5. If a multi reader multi case (MRMC) comparative effectiveness study was done, If so, what was the effect size of how much human readers improve with AI vs without AI assistance

Not applicable. This is a 510(k) summary for an in vitro diagnostic device measuring blood analytes, not an AI-assisted diagnostic tool for human readers.

6. If a standalone (i.e. algorithm only without human-in-the-loop performance) was done

Yes, a standalone performance study was done. The reported "Performance Data Summary" outlines the linearity of the device's measurements for Glucose and Lactate, which directly reflects the algorithm's (or device's) ability to accurately quantify these parameters across the extended ranges. The study focuses on the device's inherent measurement capabilities.

7. The type of ground truth used

The ground truth for the linearity testing would be the known concentrations of reference materials or calibrators spanning the reportable range. These are precisely prepared solutions with verified analyte concentrations. For Lactate, it's mentioned that samples were "stabilized through repeated washing and icing in vitro for testing," indicating controlled preparation to achieve specific concentrations.

8. The sample size for the training set

Not applicable.
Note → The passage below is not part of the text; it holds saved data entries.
lemma funpow_window_mean_near:
  assumes "continuous_on UNIV f" "h > 0"
    and "\<And>s. 0 \<le> s \<Longrightarrow> s \<le> real j * h \<Longrightarrow> \<bar>f (v + s) - c\<bar> \<le> \<epsilon>"
  shows "\<bar>(window_mean h ^^ j) f v - c\<bar> \<le> \<epsilon>"
  using assms(3)
proof (induction j arbitrary: v)
  case 0
  then show ?case using "0.prems"[of 0] by simp
next
  case (Suc j)
  let ?G = "(window_mean h ^^ j) f"
  have "\<bar>antideriv ?G (v + h) - antideriv ?G v - (v + h - v) * c\<bar> \<le> \<bar>v + h - v\<bar> * \<epsilon>"
  proof (rule DERIV_linearization_bound)
    show "(antideriv ?G has_real_derivative ?G z) (at z)" for z
      by (rule antideriv_has_real_derivative[OF continuous_on_funpow_window_mean[OF assms(1)]])
    fix z assume "z \<in> closed_segment v (v + h)"
    then have z: "v \<le> z" "z \<le> v + h" using assms(2) by (auto simp: closed_segment_eq_real_ivl)
    show "\<bar>?G z - c\<bar> \<le> \<epsilon>"
      using Suc.IH[of z] Suc.prems[of "z - v + _"] z by (simp add: algebra_simps)
  qed
  then have "\<bar>(antideriv ?G (v + h) - antideriv ?G v - h * c) / h\<bar> \<le> \<epsilon>"
    using assms(2) by (simp add: abs_div pos_divide_le_eq mult.commute)
  moreover have "(antideriv ?G (v + h) - antideriv ?G v - h * c) / h = window_mean h ?G v - c"
    using assms(2) by (simp add: window_mean_def diff_divide_distrib)
  ultimately show ?case by simp
qed

lemma funpow_window_mean_tendsto:
  assumes "continuous_on UNIV f"
  shows "(\<lambda>n. (window_mean (1 / Suc n) ^^ k) f x) \<longlonglongrightarrow> f x"
proof (rule LIMSEQ_I)
  fix r :: real assume "r > 0"
  moreover have "isCont f x" using assms by (simp add: continuous_on_eq_continuous_at)
  ultimately obtain \<delta> where "\<delta> > 0" and \<delta>: "\<And>y. dist y x < \<delta> \<Longrightarrow> dist (f y) (f x) < r / 2"
    unfolding continuous_at_eps_delta by (meson half_gt_zero)
  obtain N :: nat where N: "real k / \<delta> < N" using reals_Archimedean2 by blast
  have "norm ((window_mean (1 / Suc n) ^^ k) f x - f x) < r" if "n \<ge> N" for n
  proof -
    have "real k < \<delta> * N" using N \<open>\<delta> > 0\<close> by (simp add: divide_less_eq mult.commute)
    also have "\<dots> \<le> \<delta> * Suc n" using that \<open>\<delta> > 0\<close> by (intro mult_left_mono) auto
    finally have "real k * (1 / Suc n) < \<delta>" by (simp add: divide_less_eq mult.commute)
    then have "\<bar>(window_mean (1 / Suc n) ^^ k) f (x + 0) - f x\<bar> \<le> r / 2"
      using \<delta>[of "x + 0 + _"]
      by (intro funpow_window_mean_near[OF assms]) (auto simp: dist_real_def less_imp_le)
    then show ?thesis using \<open>r > 0\<close> by simp
  qed
  then show "\<exists>N. \<forall>n\<ge>N. norm ((window_mean (1 / Suc n) ^^ k) f x - f x) < r" by blast
qed
(* Let $f$ be a quadratic rational map. If there exists $k\in\mathbb{N}$ such that $\mathrm{Deck}(f^k)\cong V_4$ (the Klein four-group), then the minimal such $k$ is $k=2$.
   Context: $\mathrm{Deck}(F)=\{\tau \text{ Möbius} : F\circ\tau=F\}$; $f^k$ is the $k$-th iterate. *)

theory Defs
  imports "HOL-Computational_Algebra.Polynomial" "HOL-Algebra.Elementary_Groups"
begin

text \<open>The Riemann sphere: None is the point at infinity.\<close>
type_synonym rsphere = "complex option"

fun rat_eval :: "complex poly \<Rightarrow> complex poly \<Rightarrow> rsphere \<Rightarrow> rsphere" where
  "rat_eval p q (Some z) = (if poly q z = 0 then None else Some (poly p z / poly q z))"
| "rat_eval p q None = (if degree p > degree q then None
      else if degree p = degree q then Some (lead_coeff p / lead_coeff q) else Some 0)"

definition rat_map_deg :: "nat \<Rightarrow> (rsphere \<Rightarrow> rsphere) \<Rightarrow> bool" where
  "rat_map_deg d F \<longleftrightarrow> (\<exists>p q. q \<noteq> 0 \<and> coprime p q \<and> max (degree p) (degree q) = d
                              \<and> F = rat_eval p q)"

definition mobius :: "(rsphere \<Rightarrow> rsphere) \<Rightarrow> bool" where
  "mobius \<tau> \<longleftrightarrow> rat_map_deg 1 \<tau>"

definition Deck :: "(rsphere \<Rightarrow> rsphere) \<Rightarrow> (rsphere \<Rightarrow> rsphere) set" where
  "Deck F = {\<tau>. mobius \<tau> \<and> F \<circ> \<tau> = F}"

definition deck_group :: "(rsphere \<Rightarrow> rsphere) \<Rightarrow> (rsphere \<Rightarrow> rsphere) monoid" where
  "deck_group F = \<lparr>carrier = Deck F, monoid.mult = (\<circ>), one = id\<rparr>"

definition klein_four :: "(int \<times> int) monoid" where
  "klein_four = integer_mod_group 2 \<times>\<times> integer_mod_group 2"

end

theory Submission
  imports Defs "HOL-Computational_Algebra.Fundamental_Theorem_Algebra"
begin

text \<open>
  A quadratic rational map f = p/q has a nontrivial deck involution \<iota>, whose matrix is built from
  the 2 \<times> 2 minors of the coefficients of p and q, and no other: two distinct Moebius maps agree
  only at finitely many points, while the fibres of f have at most two points. Hence Deck f has
  order 2 and k = 1 is impossible.

  Conversely, let Deck(f^(j+1)) be a Klein four-group with j \<ge> 2 and pick t in it outside
  {id, \<iota>}. The group is abelian, so t commutes with \<iota>, and f \<circ> t is constant on the fibres of f.
  It therefore descends: f \<circ> t = M \<circ> f for a Moebius map M, found by interpolating at three fibres
  (two quadratic maps that agree at six points coincide). Then M \<in> Deck(f^j), and whether M is
  id, \<iota> or neither, Deck(f^j) acquires a third element; being a submonoid of the Klein group,
  it is the whole group. Descending from k to 2 gives the claim.
\<close>

definition proj_pt :: "complex \<Rightarrow> complex \<Rightarrow> rsphere" where
  "proj_pt x y = (if y = 0 then None else Some (x / y))"

lemma proj_pt_eq_iff:
  assumes "(x,y) \<noteq> (0,0)" "(u,v) \<noteq> (0,0)"
  shows "proj_pt x y = proj_pt u v \<longleftrightarrow> x * v = y * u"
  using assms by (auto simp: proj_pt_def field_simps)

lemma proj_pt_scale: "k \<noteq> 0 \<Longrightarrow> proj_pt (k*x) (k*y) = proj_pt x y"
  by (auto simp: proj_pt_def)

lemma proj_pt_cases: obtains x y where "(x,y) \<noteq> (0,0)" "s = proj_pt x y"
proof (cases s)
  case None thus ?thesis using that[of 1 0] by (auto simp: proj_pt_def)
next
  case (Some z) thus ?thesis using that[of z 1] by (auto simp: proj_pt_def)
qed

lemma rsphere_fun_eqI:
  assumes "\<And>x y. (x,y) \<noteq> (0,0) \<Longrightarrow> F (proj_pt x y) = G (proj_pt x y)"
  shows "F = G"
proof
  fix s show "F s = G s" by (rule proj_pt_cases[of s]) (use assms in auto)
qed

lemma infinite_rsphere: "infinite (UNIV :: rsphere set)"
proof
  assume "finite (UNIV :: rsphere set)"
  hence "finite (range (Some :: complex \<Rightarrow> rsphere))" by (rule finite_subset[rotated]) auto
  thus False using finite_imageD infinite_UNIV_char_0 inj_Some by blast
qed

lemma ex_rsphere_not_in: "finite (S :: rsphere set) \<Longrightarrow> \<exists>s. s \<notin> S"
  using infinite_rsphere by (metis UNIV_eq_I)

subsection \<open>Binary forms\<close>

definition homog :: "nat \<Rightarrow> complex poly \<Rightarrow> complex \<Rightarrow> complex \<Rightarrow> complex" where
  "homog n P x y = (\<Sum>i\<le>n. coeff P i * x^i * y^(n-i))"

lemma homog_affine:
  assumes "y \<noteq> 0" "degree P \<le> n"
  shows "homog n P x y = y^n * poly P (x/y)"
proof -
  have "poly P (x/y) = (\<Sum>i\<le>n. coeff P i * (x/y)^i)"
    unfolding poly_altdef
    by (rule sum.mono_neutral_left) (use assms in \<open>auto simp: coeff_eq_0\<close>)
  also have "y^n * \<dots> = (\<Sum>i\<le>n. coeff P i * x^i * y^(n-i))"
    unfolding sum_distrib_left
  proof (rule sum.cong)
    fix i assume "i \<in> {..n}"
    hence "y^n = y^i * y^(n-i)" by (simp add: power_add[symmetric])
    thus "y ^ n * (coeff P i * (x / y) ^ i) = coeff P i * x ^ i * y ^ (n - i)"
      using assms by (simp add: power_divide field_simps)
  qed simp
  finally show ?thesis by (simp add: homog_def)
qed

lemma homog_y_1: "degree P \<le> n \<Longrightarrow> homog n P x 1 = poly P x"
  using homog_affine[of 1 P n x] by simp

lemma homog_y_0: "homog n P x 0 = coeff P n * x^n"
proof -
  have "homog n P x 0 = (\<Sum>i\<in>{n}. coeff P i * x^i * 0^(n-i))"
    unfolding homog_def by (rule sum.mono_neutral_right) auto
  thus ?thesis by simp
qed

lemma homog_add: "homog n (P + Q) x y = homog n P x y + homog n Q x y"
  by (simp add: homog_def algebra_simps sum.distrib)

lemma homog_diff: "homog n (P - Q) x y = homog n P x y - homog n Q x y"
  by (simp add: homog_def algebra_simps sum_subtractf)

lemma homog_smult: "homog n (smult c P) x y = c * homog n P x y"
  by (simp add: homog_def algebra_simps sum_distrib_left)

lemma coeff_mult_degree_bounds:
  fixes P Q :: "'a::comm_semiring_0 poly"
  assumes "degree P \<le> m" "degree Q \<le> n"
  shows "coeff (P * Q) (m + n) = coeff P m * coeff Q n"
proof -
  have "coeff (P*Q) (m+n) = (\<Sum>i\<le>m+n. coeff P i * coeff Q (m + n - i))"
    by (simp add: coeff_mult)
  also have "\<dots> = (\<Sum>i\<in>{m}. coeff P i * coeff Q (m + n - i))"
  proof (rule sum.mono_neutral_right)
    show "\<forall>i\<in>{..m + n} - {m}. coeff P i * coeff Q (m + n - i) = 0"
    proof
      fix i assume i: "i \<in> {..m + n} - {m}"
      show "coeff P i * coeff Q (m + n - i) = 0"
        by (cases "i < m") (use assms i in \<open>simp_all add: coeff_eq_0\<close>)
    qed
  qed auto
  finally show ?thesis by simp
qed

lemma homog_mult:
  assumes "degree P \<le> m" "degree Q \<le> n"
  shows "homog (m+n) (P*Q) x y = homog m P x y * homog n Q x y"
proof (cases "y = 0")
  case True thus ?thesis
    using coeff_mult_degree_bounds[OF assms] by (simp add: homog_y_0 power_add)
next
  case False
  have "degree (P*Q) \<le> m + n" using assms degree_mult_le[of P Q] by linarith
  thus ?thesis using False assms by (simp add: homog_affine power_add)
qed

lemma homog_1: "homog 1 P x y = coeff P 0 * y + coeff P 1 * x"
  by (simp add: homog_def)

lemma homog_2: "homog 2 P x y = coeff P 0 * y^2 + coeff P 1 * x * y + coeff P 2 * x^2"
  by (simp add: homog_def numeral_2_eq_2 atMost_Suc algebra_simps)

definition bin_form :: "nat \<Rightarrow> (complex \<Rightarrow> complex \<Rightarrow> complex) \<Rightarrow> bool" where
  "bin_form n E \<longleftrightarrow> (\<exists>P. degree P \<le> n \<and> E = homog n P)"

lemma bin_form_homog: "degree P \<le> n \<Longrightarrow> bin_form n (homog n P)"
  by (auto simp: bin_form_def)

lemma bin_form_add: "bin_form n A \<Longrightarrow> bin_form n B \<Longrightarrow> bin_form n (\<lambda>x y. A x y + B x y)"
  unfolding bin_form_def
proof (elim exE conjE)
  fix P Q assume "degree P \<le> n" "A = homog n P" "degree Q \<le> n" "B = homog n Q"
  thus "\<exists>R. degree R \<le> n \<and> (\<lambda>x y. A x y + B x y) = homog n R"
    by (intro exI[of _ "P+Q"]) (auto simp: homog_add degree_add_le fun_eq_iff)
qed

lemma bin_form_diff: "bin_form n A \<Longrightarrow> bin_form n B \<Longrightarrow> bin_form n (\<lambda>x y. A x y - B x y)"
  unfolding bin_form_def
proof (elim exE conjE)
  fix P Q assume "degree P \<le> n" "A = homog n P" "degree Q \<le> n" "B = homog n Q"
  thus "\<exists>R. degree R \<le> n \<and> (\<lambda>x y. A x y - B x y) = homog n R"
    by (intro exI[of _ "P-Q"]) (auto simp: homog_diff degree_diff_le fun_eq_iff)
qed

lemma bin_form_cmult: "bin_form n A \<Longrightarrow> bin_form n (\<lambda>x y. c * A x y)"
  unfolding bin_form_def
proof (elim exE conjE)
  fix P assume "degree P \<le> n" "A = homog n P"
  thus "\<exists>R. degree R \<le> n \<and> (\<lambda>x y. c * A x y) = homog n R"
    by (intro exI[of _ "smult c P"]) (auto simp: homog_smult fun_eq_iff)
qed

lemma bin_form_mult: "bin_form m A \<Longrightarrow> bin_form n B \<Longrightarrow> bin_form (m+n) (\<lambda>x y. A x y * B x y)"
  unfolding bin_form_def
proof (elim exE conjE)
  fix P Q assume "degree P \<le> m" "A = homog m P" "degree Q \<le> n" "B = homog n Q"
  thus "\<exists>R. degree R \<le> m + n \<and> (\<lambda>x y. A x y * B x y) = homog (m + n) R"
    using degree_mult_le[of P Q] by (intro exI[of _ "P*Q"]) (auto simp: homog_mult fun_eq_iff)
qed

lemma bin_form_const_1: "bin_form 0 (\<lambda>x y. 1)"
  unfolding bin_form_def by (intro exI[of _ 1]) (auto simp: homog_def fun_eq_iff)

lemma bin_form_zero: "bin_form n (\<lambda>x y. 0)"
  unfolding bin_form_def by (intro exI[of _ 0]) (auto simp: homog_def fun_eq_iff)

lemma bin_form_linear: "bin_form 1 (\<lambda>x y. a*x + b*y)"
  unfolding bin_form_def by (intro exI[of _ "[:b,a:]"]) (auto simp: homog_def fun_eq_iff)

lemma bin_form_power: "bin_form n A \<Longrightarrow> bin_form (n*k) (\<lambda>x y. A x y ^ k)"
proof (induction k)
  case 0 thus ?case using bin_form_const_1 by simp
next
  case (Suc k)
  have "bin_form (n + n*k) (\<lambda>x y. A x y * A x y ^ k)"
    by (rule bin_form_mult) (use Suc in auto)
  thus ?case by (simp add: algebra_simps)
qed

lemma bin_form_sum:
  assumes "finite S" "\<And>i. i \<in> S \<Longrightarrow> bin_form n (E i)"
  shows "bin_form n (\<lambda>x y. \<Sum>i\<in>S. E i x y)"
  using assms
proof (induction S rule: finite_induct)
  case empty thus ?case using bin_form_zero by simp
next
  case (insert a S)
  thus ?case by (simp add: bin_form_add)
qed

lemma bin_form_compose:
  assumes A: "bin_form m A" and C: "bin_form n C" and D: "bin_form n D"
  shows "bin_form (m*n) (\<lambda>x y. A (C x y) (D x y))"
proof -
  obtain P where P: "degree P \<le> m" "A = homog m P" using A by (auto simp: bin_form_def)
  have "bin_form (m*n) (\<lambda>x y. \<Sum>i\<le>m. coeff P i * C x y ^ i * D x y ^ (m-i))"
  proof (rule bin_form_sum)
    fix i assume i: "i \<in> {..m}"
    have "bin_form (n*i + n*(m-i)) (\<lambda>x y. C x y ^ i * D x y ^ (m-i))"
      by (rule bin_form_mult) (use C D bin_form_power in auto)
    hence "bin_form (n*i + n*(m-i)) (\<lambda>x y. coeff P i * (C x y ^ i * D x y ^ (m-i)))"
      by (rule bin_form_cmult)
    moreover have "n*i + n*(m-i) = m*n"
      using i by (simp add: algebra_simps flip: add_mult_distrib2)
    ultimately show "bin_form (m*n) (\<lambda>x y. coeff P i * C x y ^ i * D x y ^ (m-i))"
      by (simp add: mult.assoc)
  qed simp
  thus ?thesis by (simp add: P homog_def)
qed

definition proj_zeros :: "(complex \<Rightarrow> complex \<Rightarrow> complex) \<Rightarrow> rsphere set" where
  "proj_zeros E = {s. \<exists>x y. (x,y) \<noteq> (0,0) \<and> s = proj_pt x y \<and> E x y = 0}"

lemma bin_form_proj_zeros_card_le:
  assumes "bin_form n E" "\<exists>x y. E x y \<noteq> 0"
  shows "finite (proj_zeros E) \<and> card (proj_zeros E) \<le> n"
proof -
  obtain P where P: "degree P \<le> n" "E = homog n P" using assms by (auto simp: bin_form_def)
  have "P \<noteq> 0" using P assms(2) by (auto simp: homog_def)
  let ?R = "{z. poly P z = 0}"
  let ?N = "(if coeff P n = 0 then {None} else {}) :: rsphere set"
  have sub: "proj_zeros E \<subseteq> Some ` ?R \<union> ?N"
  proof
    fix s assume "s \<in> proj_zeros E"
    then obtain x y where xy: "(x,y) \<noteq> (0,0)" "s = proj_pt x y" "E x y = 0"
      by (auto simp: proj_zeros_def)
    show "s \<in> Some ` ?R \<union> ?N"
      by (cases "y = 0") (use xy P in \<open>auto simp: proj_pt_def homog_y_0 homog_affine\<close>)
  qed
  have finR: "finite ?R" using poly_roots_finite[OF \<open>P \<noteq> 0\<close>] .
  have fin: "finite (Some ` ?R \<union> ?N)" using finR by simp
  have "card (Some ` ?R \<union> ?N) \<le> card (Some ` ?R) + card ?N" by (rule card_Un_le)
  also have "\<dots> \<le> card ?R + card ?N" using card_image_le[OF finR, of Some] by simp
  also have "\<dots> \<le> n"
  proof (cases "coeff P n = 0")
    case True
    hence "degree P < n" using P \<open>P \<noteq> 0\<close> by (metis le_neq_implies_less leading_coeff_0_iff)
    thus ?thesis using card_poly_roots_bound[OF \<open>P \<noteq> 0\<close>] True by simp
  next
    case False thus ?thesis using card_poly_roots_bound[OF \<open>P \<noteq> 0\<close>] P by simp
  qed
  finally show ?thesis
    using sub fin by (meson card_mono finite_subset order_trans)
qed

lemma bin_form_has_proj_zero:
  assumes "bin_form n E" "n \<ge> 1"
  obtains x y where "(x,y) \<noteq> (0,0)" "E x y = 0"
proof -
  obtain P where P: "degree P \<le> n" "E = homog n P" using assms by (auto simp: bin_form_def)
  show ?thesis
  proof (cases "coeff P n = 0")
    case True thus ?thesis using P that[of 1 0] by (simp add: homog_y_0)
  next
    case False
    hence "degree P = n" using P by (metis le_antisym le_degree)
    hence "\<not> constant (poly P)" using assms constant_degree[of P] by simp
    then obtain z where "poly P z = 0" using fundamental_theorem_of_algebra by blast
    thus ?thesis using P that[of z 1] by (simp add: homog_y_1)
  qed
qed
This device is not described as utilizing a machine learning algorithm that requires a separate training set. The performance validation is based on direct measurement principles.

9. How the ground truth for the training set was established

Not applicable, as there is no mention of a training set for a machine learning algorithm.

§ 862.1345 Glucose test system.

(a)
Identification. A glucose test system is a device intended to measure glucose quantitatively in blood and other body fluids. Glucose measurements are used in the diagnosis and treatment of carbohydrate metabolism disorders including diabetes mellitus, neonatal hypoglycemia, and idiopathic hypoglycemia, and of pancreatic islet cell carcinoma.(b)
Classification. Class II (special controls). The device, when it is solely intended for use as a drink to test glucose tolerance, is exempt from the premarket notification procedures in subpart E of part 807 of this chapter subject to the limitations in § 862.9.